Ohana acquires hotel, rental from Cornell Realty in Downtown Brooklyn bankruptcy with $94M credit bid

85 Flatbush Extension (Credit - Google)

The hospitality investment firm Ohana Real Estate Investors through the entity TH Holdings Propco LLC acquired the hotel and the 64-unit rental building at 85 Flatbush Avenue Extension in Downtown Brooklyn, Brooklyn. Ohana took ownership as the former debt holder through the bankruptcy filing Isaac Hager’s Cornell Realty Management filed on the property. The transaction price was a credit bid. Cornell Realty Management owned the property through entities including 85 Flatbush Rho Hotel LLC. The property is owned as a three-unit commercial condominium composed of a hotel, rental apartment and commercial unit.
The deal closed on November 9, 2022 and was recorded on December 14, 2022. The three properties have 150,688 square feet of built space according to PincusCo analysis of city data. The transfer price per built square foot is $623 per the PincusCo analysis. (The price per square foot analysis is the transaction price divided by square feet as reported in public records and assumes no air rights have been sold.)
The signatory for Cornell Realty Management bankrupt was David Goldwasser, a bankruptcy professional. The signatory for Ohana Real Estate Investors was partner James Cole.
According to the bankruptcy filing, the $94 million represents the $90 million credit bid plus $4 million in additional consideration. The bankruptcy plan says, “TH Holdco Initial Credit Bid means the initial TH Holdco Credit Bid for all of the assets subject to the lien held by TH Holdco in the aggregate amount of $90,000,000 plus the TH Holdco Additional Consideration of approximately $4 million, to be allocated among such encumbered assets as announced by TH Holdco at or prior to the Auction or such higher and better bid as TH Holdco may thereafter submit… TH Holdco Additional Consideration shall mean Cash to be funded by TH Holdco to pay Allowed Cure Obligations, Allowed Administrative Expenses (including Professional Fees and United States Trustee Fees) and Allowed Priority Claims which shall be part of and paid from the Plan Fund.” Ohana Real Estate bought the debt in January 2022.

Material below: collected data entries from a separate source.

(* Let $F:[0,\infty)\to\mathbb{R}$ be $C^{1,1}$ with $F'(0)=0$ and let $\Sigma=\{(w,F(|w|)):w\in\mathbb{R}^2\}\subset\mathbb{R}^3$. Then every compact subset of $(\Sigma,d_{\mathbb{H}})$ bi-Lipschitz embeds in some Euclidean space $\mathbb{R}^n$.
   Context: For $w=(x,y,z)$, $w'=(x',y',z')$, $d_{\mathbb{H}}(w,w')=|x-x'|+|y-y'|+|z-z'+\tfrac12(xy'-x'y)|^{1/2}$. $(A,d_{\mathbb{H}})$ bi-Lipschitz embeds in $\mathbb{R}^n$ if there are $L\ge1$ and $f:A\to\mathbb{R}^n$ with $L^{-1}d_{\mathbb{H}}(a,b)\le|f(a)-f(b)|\le Ld_{\mathbb{H}}(a,b)$ for all $a,b\in A$. *)

theory Defs
  imports "HOL-Analysis.Analysis"
begin

type_synonym heis = "real \<times> real \<times> real"

definition dH :: "heis \<Rightarrow> heis \<Rightarrow> real" where
  "dH w w' = (case w of (x, y, z) \<Rightarrow> case w' of (x', y', z') \<Rightarrow>
      \<bar>x - x'\<bar> + \<bar>y - y'\<bar> + sqrt \<bar>z - z' + (1/2) * (x * y' - x' * y)\<bar>)"

definition C11_flat_at_0 :: "(real \<Rightarrow> real) \<Rightarrow> bool" where
  "C11_flat_at_0 F \<longleftrightarrow> (\<exists>F'. (\<forall>t\<ge>0. (F has_real_derivative F' t) (at t within {0..}))
      \<and> (\<exists>K. \<forall>s\<ge>0. \<forall>t\<ge>0. \<bar>F' s - F' t\<bar> \<le> K * \<bar>s - t\<bar>)
      \<and> F' 0 = 0)"

definition rot_graph :: "(real \<Rightarrow> real) \<Rightarrow> heis set" where
  "rot_graph F = {(x, y, F (sqrt (x\<^sup>2 + y\<^sup>2))) | x y. True}"

text \<open>Vectors of R^n are represented as functions nat => real vanishing from index n on;
  Euclidean distance is sqrt of the sum of squares over indices < n.\<close>
definition bilip_embeds_Rn :: "'a set \<Rightarrow> ('a \<Rightarrow> 'a \<Rightarrow> real) \<Rightarrow> nat \<Rightarrow> bool" where
  "bilip_embeds_Rn A d n \<longleftrightarrow> (\<exists>L::real. L \<ge> 1 \<and> (\<exists>f :: 'a \<Rightarrow> nat \<Rightarrow> real.
      (\<forall>a\<in>A. \<forall>i\<ge>n. f a i = 0) \<and>
      (\<forall>a\<in>A. \<forall>b\<in>A.
         d a b / L \<le> sqrt (\<Sum>i<n. (f a i - f b i)\<^sup>2) \<and>
         sqrt (\<Sum>i<n. (f a i - f b i)\<^sup>2) \<le> L * d a b)))"

end

theory Submission
  imports Defs
begin

(*
  Write the points of the surface as (w, F |w|) with w complex. For two such points d_H is
  comparable to |w - w'| + |V w w'|^(1/2), where V w w' = F |w| - F |w'| + Im (cnj w * w') / 2 is
  the vertical gap. The embedding into C^7 = R^14 is w |-> (w, |w| T (theta w)): T is a
  Weierstrass-type snowflake map of the circle into C^6, |T a - T b|^2 ~ |e^(ia) - e^(ib)|, and
  theta w is the argument of w rotated back by psi |w|, where psi' = 2 F' / t^2.
  If |w| <= |w'| and |w'| - |w| is small compared with |w'|, this twist makes V w w' equal to
  |w| |w'| Im ((rho - 1) e^(i beta)) / 2 up to O((|w'| - |w|)^2), where rho = e^(i (theta w' - theta w))
  and beta = psi |w'| - psi |w| is small. That term is comparable to |w'|^2 |rho - 1| unless
  Re (rho e^(i beta)) <= 0, and then |w - w'| >= |w|; in the remaining case every quantity is
  O(|w - w'|^2). So |V| and the squared snowflake distance dominate each other up to |w - w'|^2,
  which makes d_H comparable to the Euclidean distance of the images.
*)

lemma third_le_sin:
  fixes y :: real
  assumes "0 \<le> y" "y \<le> 2"
  shows "y / 3 \<le> sin y"
proof -
  have "\<bar>sin y - y\<bar> \<le> y ^ 3 / 6"
    using Maclaurin_sin_bound[of y 3] assms
    by (simp add: sin_coeff_def fact_numeral eval_nat_numeral)
  moreover have "y ^ 3 \<le> 4 * y"
    using mult_right_mono[of "y\<^sup>2" 4 y] power_mono[of y 2 2] assms
    by (simp add: power3_eq_cube power2_eq_square)
  ultimately show ?thesis
    by linarith
qed

lemma one_minus_cos_le: "1 - cos x \<le> x\<^sup>2 / 2" for x :: real
proof -
  have "1 - cos x = 2 * (sin (x / 2))\<^sup>2"
    using cos_double_sin[of "x / 2"] by simp
  also have "(sin (x / 2))\<^sup>2 \<le> (x / 2)\<^sup>2"
    using abs_sin_x_le_abs_x[of "x / 2"] by (metis abs_ge_zero power2_abs power_mono)
  finally show ?thesis
    by (simp add: power_divide)
qed

lemma norm_cis_diff: "cmod (cis a - cis b) = 2 * \<bar>sin ((a - b) / 2)\<bar>"
proof -
  have "cis a - cis b = cis b * (exp (\<i> * of_real (a - b)) - 1)"
    by (simp add: cis_conv_exp algebra_simps flip: exp_add)
  then show ?thesis
    by (simp only: norm_mult dist_exp_i_1) simp
qed

lemma exists_reduced_angle:
  obtains x where "0 \<le> x" "x \<le> pi"
    "\<And>n::nat. cmod (cis (n * a) - cis (n * b)) = 2 * \<bar>sin (n * x / 2)\<bar>"
proof -
  obtain y where y: "- pi < y" "y \<le> pi" "sin y = sin (a - b)" "cos y = cos (a - b)"
    using sincos_principal_value[of "a - b"] by blast
  have "cis y = cis (a - b)"
    using y by (simp add: complex_eq_iff)
  then have "cis (n * (a - b)) = cis (n * y)" for n :: nat
    by (metis Complex.DeMoivre)
  moreover have "cis (n * a) = cis (n * b) * cis (n * (a - b))" for n :: nat
    by (simp add: cis_mult algebra_simps)
  ultimately have "cis (n * a) - cis (n * b) = cis (n * b) * (cis (n * y) - cis 0)" for n :: nat
    by (simp add: algebra_simps)
  then have "cmod (cis (n * a) - cis (n * b)) = 2 * \<bar>sin (n * y / 2)\<bar>" for n :: nat
    using norm_cis_diff[of "n * y" 0] by (simp add: norm_mult)
  moreover have "\<bar>sin (n * y / 2)\<bar> = \<bar>sin (n * \<bar>y\<bar> / 2)\<bar>" for n :: nat
    by (cases "0 \<le> y") auto
  ultimately show thesis
    using that[of "\<bar>y\<bar>"] y by auto
qed

lemma exists_least_power_exceeding:
  fixes b y c :: real
  assumes "1 < b" "0 < y"
  obtains n :: nat where "c < b ^ n * y" "\<And>k. k < n \<Longrightarrow> b ^ k * y \<le> c"
proof -
  obtain n :: nat where "c / y < b ^ n"
    using real_arch_pow[OF assms(1)] by blast
  then have "c < b ^ n * y"
    using assms(2) by (simp add: field_simps)
  then show thesis
    using exists_least_iff[of "\<lambda>n. c < b ^ n * y"] that not_less by blast
qed

section \<open>Lacunary series\<close>

lemma lacunary_geometric_head: "(\<Sum>i<n. (2::real) ^ (6 * i + m)) \<le> 2 ^ (6 * n + m) / 63"
proof (induction n)
  case (Suc n)
  have "(2::real) ^ (6 * Suc n + m) = 64 * 2 ^ (6 * n + m)"
    by (simp add: power_add)
  then show ?case
    using Suc by simp
qed simp

lemma lacunary_geometric_tail:
  "(\<lambda>i. (1/2::real) ^ (6 * (i + n) + m)) sums ((64/63) * (1/2) ^ (6 * n + m))"
proof -
  have "(1/2::real) ^ (6 * (i + n) + m) = (1/2) ^ (6 * n + m) * ((1/2) ^ 6) ^ i" for i
    by (simp add: power_add mult.commute flip: power_mult)
  moreover have "(1/2::real) ^ 6 = 1/64"
    by (simp add: power_divide)
  moreover have "(\<lambda>i. (1/2::real) ^ (6 * n + m) * (1/64) ^ i) sums ((1/2) ^ (6 * n + m) * (64/63))"
    using sums_mult[OF geometric_sums[of "1/64::real"]] by simp
  ultimately show ?thesis
    by (simp add: mult.commute)
qed

lemma norm_sum_lacunary_head:
  fixes u :: "nat \<Rightarrow> 'a::real_normed_vector"
  assumes "0 \<le> x" and "\<And>i. norm (u i) \<le> 2 ^ (6 * i + m) * x"
  shows "norm (\<Sum>i<n. u i) \<le> 2 ^ (6 * n + m) * x / 63"
proof -
  have "norm (\<Sum>i<n. u i) \<le> (\<Sum>i<n. 2 ^ (6 * i + m)) * x"
    using norm_sum[of u "{..<n}"] sum_mono[of "{..<n}" "\<lambda>i. norm (u i)", OF assms(2)]
    by (simp add: sum_distrib_right)
  also have "\<dots> \<le> 2 ^ (6 * n + m) / 63 * x"
    by (rule mult_right_mono[OF lacunary_geometric_head assms(1)])
  finally show ?thesis
    by simp
qed

lemma
  fixes u :: "nat \<Rightarrow> 'a::banach"
  assumes "\<And>i. norm (u i) \<le> 2 * (1/2) ^ (6 * i + m)"
  shows summable_lacunary: "summable u"
    and norm_suminf_lacunary_tail:
      "norm (\<Sum>i. u (i + n)) \<le> (128/63) * (1/2) ^ (6 * n + m)"
proof -
  have tail: "(\<lambda>i. 2 * (1/2::real) ^ (6 * (i + k) + m)) sums (2 * ((64/63) * (1/2) ^ (6 * k + m)))"
    for k
    by (rule sums_mult[OF lacunary_geometric_tail])
  show "summable u"
    by (rule summable_comparison_test'[OF sums_summable[OF tail[of 0]]]) (use assms in simp)
  have "norm (\<Sum>i. u (i + n)) \<le> (\<Sum>i. 2 * (1/2) ^ (6 * (i + n) + m))"
    using assms by (intro norm_suminf_le sums_summable[OF tail])
  then show "norm (\<Sum>i. u (i + n)) \<le> (128/63) * (1/2) ^ (6 * n + m)"
    using sums_unique[OF tail[of n]] by simp
qed

lemma exists_lacunary_cutoff:
  fixes x :: real
  assumes "0 < x"
  obtains J where "1 \<le> 2 ^ (6 * J + m) * sqrt x" "J = 0 \<or> 2 ^ (6 * J + m) * sqrt x \<le> 64"
proof -
  have sq: "(4 ^ 6) ^ k * (4 ^ m * x) = (2 ^ (6 * k + m) * sqrt x)\<^sup>2" for k
  proof -
    have "(2 ^ (6 * k + m) * sqrt x)\<^sup>2 = (2 ^ (6 * k + m))\<^sup>2 * x"
      using assms by (simp add: power_mult_distrib)
    also have "(2 ^ (6 * k + m))\<^sup>2 = (4::real) ^ (6 * k + m)"
      by (simp add: power2_eq_square flip: power_mult_distrib)
    also have "\<dots> = (4 ^ 6) ^ k * 4 ^ m"
      by (simp only: power_add power_mult)
    finally show ?thesis
      by (simp only: mult.assoc)
  qed
  obtain J where above: "1 < (2 ^ (6 * J + m) * sqrt x)\<^sup>2"
    and below: "\<And>k. k < J \<Longrightarrow> (2 ^ (6 * k + m) * sqrt x)\<^sup>2 \<le> 1"
    using exists_least_power_exceeding[of "4 ^ 6" "4 ^ m * x" 1, unfolded sq] assms by auto
  have "0 \<le> 2 ^ (6 * J + m) * sqrt x"
    using assms by simp
  then have "1 \<le> 2 ^ (6 * J + m) * sqrt x"
    using above by (metis less_imp_le one_power2 power2_le_imp_le)
  moreover have "2 ^ (6 * J + m) * sqrt x \<le> 64" if "J = Suc k" for k
  proof -
    have "(2::real) ^ (6 * J + m) = 64 * 2 ^ (6 * k + m)"
      using that by (simp add: power_add)
    then have "(2 ^ (6 * J + m) * sqrt x)\<^sup>2 = 64\<^sup>2 * (2 ^ (6 * k + m) * sqrt x)\<^sup>2"
      by (simp only: power_mult_distrib mult.assoc)
    also have "\<dots> \<le> 64\<^sup>2"
      using below[of k] that by simp
    finally show ?thesis
      by (rule power2_le_imp_le) simp
  qed
  ultimately show thesis
    using that not0_implies_Suc by blast
qed

lemma norm_suminf_lacunary_le_sqrt:
  fixes u :: "nat \<Rightarrow> 'a::banach"
  assumes "0 \<le> x"
    and head: "\<And>i. norm (u i) \<le> 2 ^ (6 * i + m) * x"
    and tail: "\<And>i. norm (u i) \<le> 2 * (1/2) ^ (6 * i + m)"
  shows "norm (suminf u) \<le> 4 * sqrt x"
proof (cases "x = 0")
  case True
  then have "u = (\<lambda>i. 0)"
    using head by (simp add: fun_eq_iff)
  then show ?thesis
    using assms(1) by simp
next
  case False
  then have "0 < x"
    using assms(1) by simp
  then obtain J where J: "1 \<le> 2 ^ (6 * J + m) * sqrt x" "J = 0 \<or> 2 ^ (6 * J + m) * sqrt x \<le> 64"
    by (rule exists_lacunary_cutoff)
  have "(1/2) ^ (6 * J + m) \<le> sqrt x"
    using J(1) by (simp add: field_simps)
  then have tail_J: "norm (\<Sum>i. u (i + J)) \<le> (128/63) * sqrt x"
    using norm_suminf_lacunary_tail[OF tail, of J] by simp
  have "norm (\<Sum>i<J. u i) \<le> 2 ^ (6 * J + m) * x / 63"
    by (rule norm_sum_lacunary_head[OF assms(1) head])
  moreover have "J \<noteq> 0 \<Longrightarrow> 2 ^ (6 * J + m) * x \<le> 64 * sqrt x"
    using J(2) \<open>0 < x\<close> mult_right_mono[of "2 ^ (6 * J + m) * sqrt x" 64 "sqrt x"]
    by (simp add: mult.assoc)
  ultimately have head_J: "norm (\<Sum>i<J. u i) \<le> (64/63) * sqrt x"
    by (cases "J = 0") (use \<open>0 < x\<close> in auto)
  have "suminf u = (\<Sum>i. u (i + J)) + (\<Sum>i<J. u i)"
    by (rule suminf_split_initial_segment[OF summable_lacunary[OF tail]])
  then have "norm (suminf u) \<le> norm (\<Sum>i. u (i + J)) + norm (\<Sum>i<J. u i)"
    by (simp add: norm_triangle_ineq)
  moreover have "0 \<le> sqrt x"
    using \<open>0 < x\<close> by simp
  ultimately show ?thesis
    using tail_J head_J by linarith
qed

As part of Ohana’s purchase, it obtained a $55 million loan from Madison Realty Capital, which had been the prior lender when Cornell bought the site, providing $70 million for approximately $95 million in 2019. 

Because multiple properties have been transacted, some of the following sections will follow the property with the largest assessed value, which in this case, is the rental property with an address of 60 Duffield Street.

Prior sales and revenue

Prior to this transaction, PincusCo has no record that the buyer Ohana Real Estate Investors had purchased any other properties and has no record it sold any properties over the past 24 months.
Cornell Realty Management recently turned over ownership to Madison Realty Capital of a Williamsburg development site with $27.5 million in loans.

The property

The 60 Duffield Street parcel has a total lot size of 60,129 square feet. The property has a 421A exemption that started in 2012 and expires in 2027. The city-designated market value for the property in 2022 is $18.8 million.The most recent loan totaled $70 million and was provided by Madison Realty Capital on September 19, 2019.

Development

There are no active new building construction projects or major alteration projects with initial costs more than $5 million on this tax lot.

The block

On the tax block of 60 Duffield Street, PincusCo has identified the owners of four of the eight commercial properties representing 226,888 square feet of the 226,888 square feet. The largest owner is Rubin Equities, followed by City of New York and then Rubin Equities Inc..
On the tax block, there was one new building construction project filed totaling 29,646 square feet. It is a 70-unit, 29,646-square-foot R-1 building developed by Jack Suratwala with plans filed July 12, 2017 and it has not been permitted yet.

The majority, or 100 percent of the 160,000 square feet of built space are specialty buildings, with development buildings next occupying 0 percent of the space.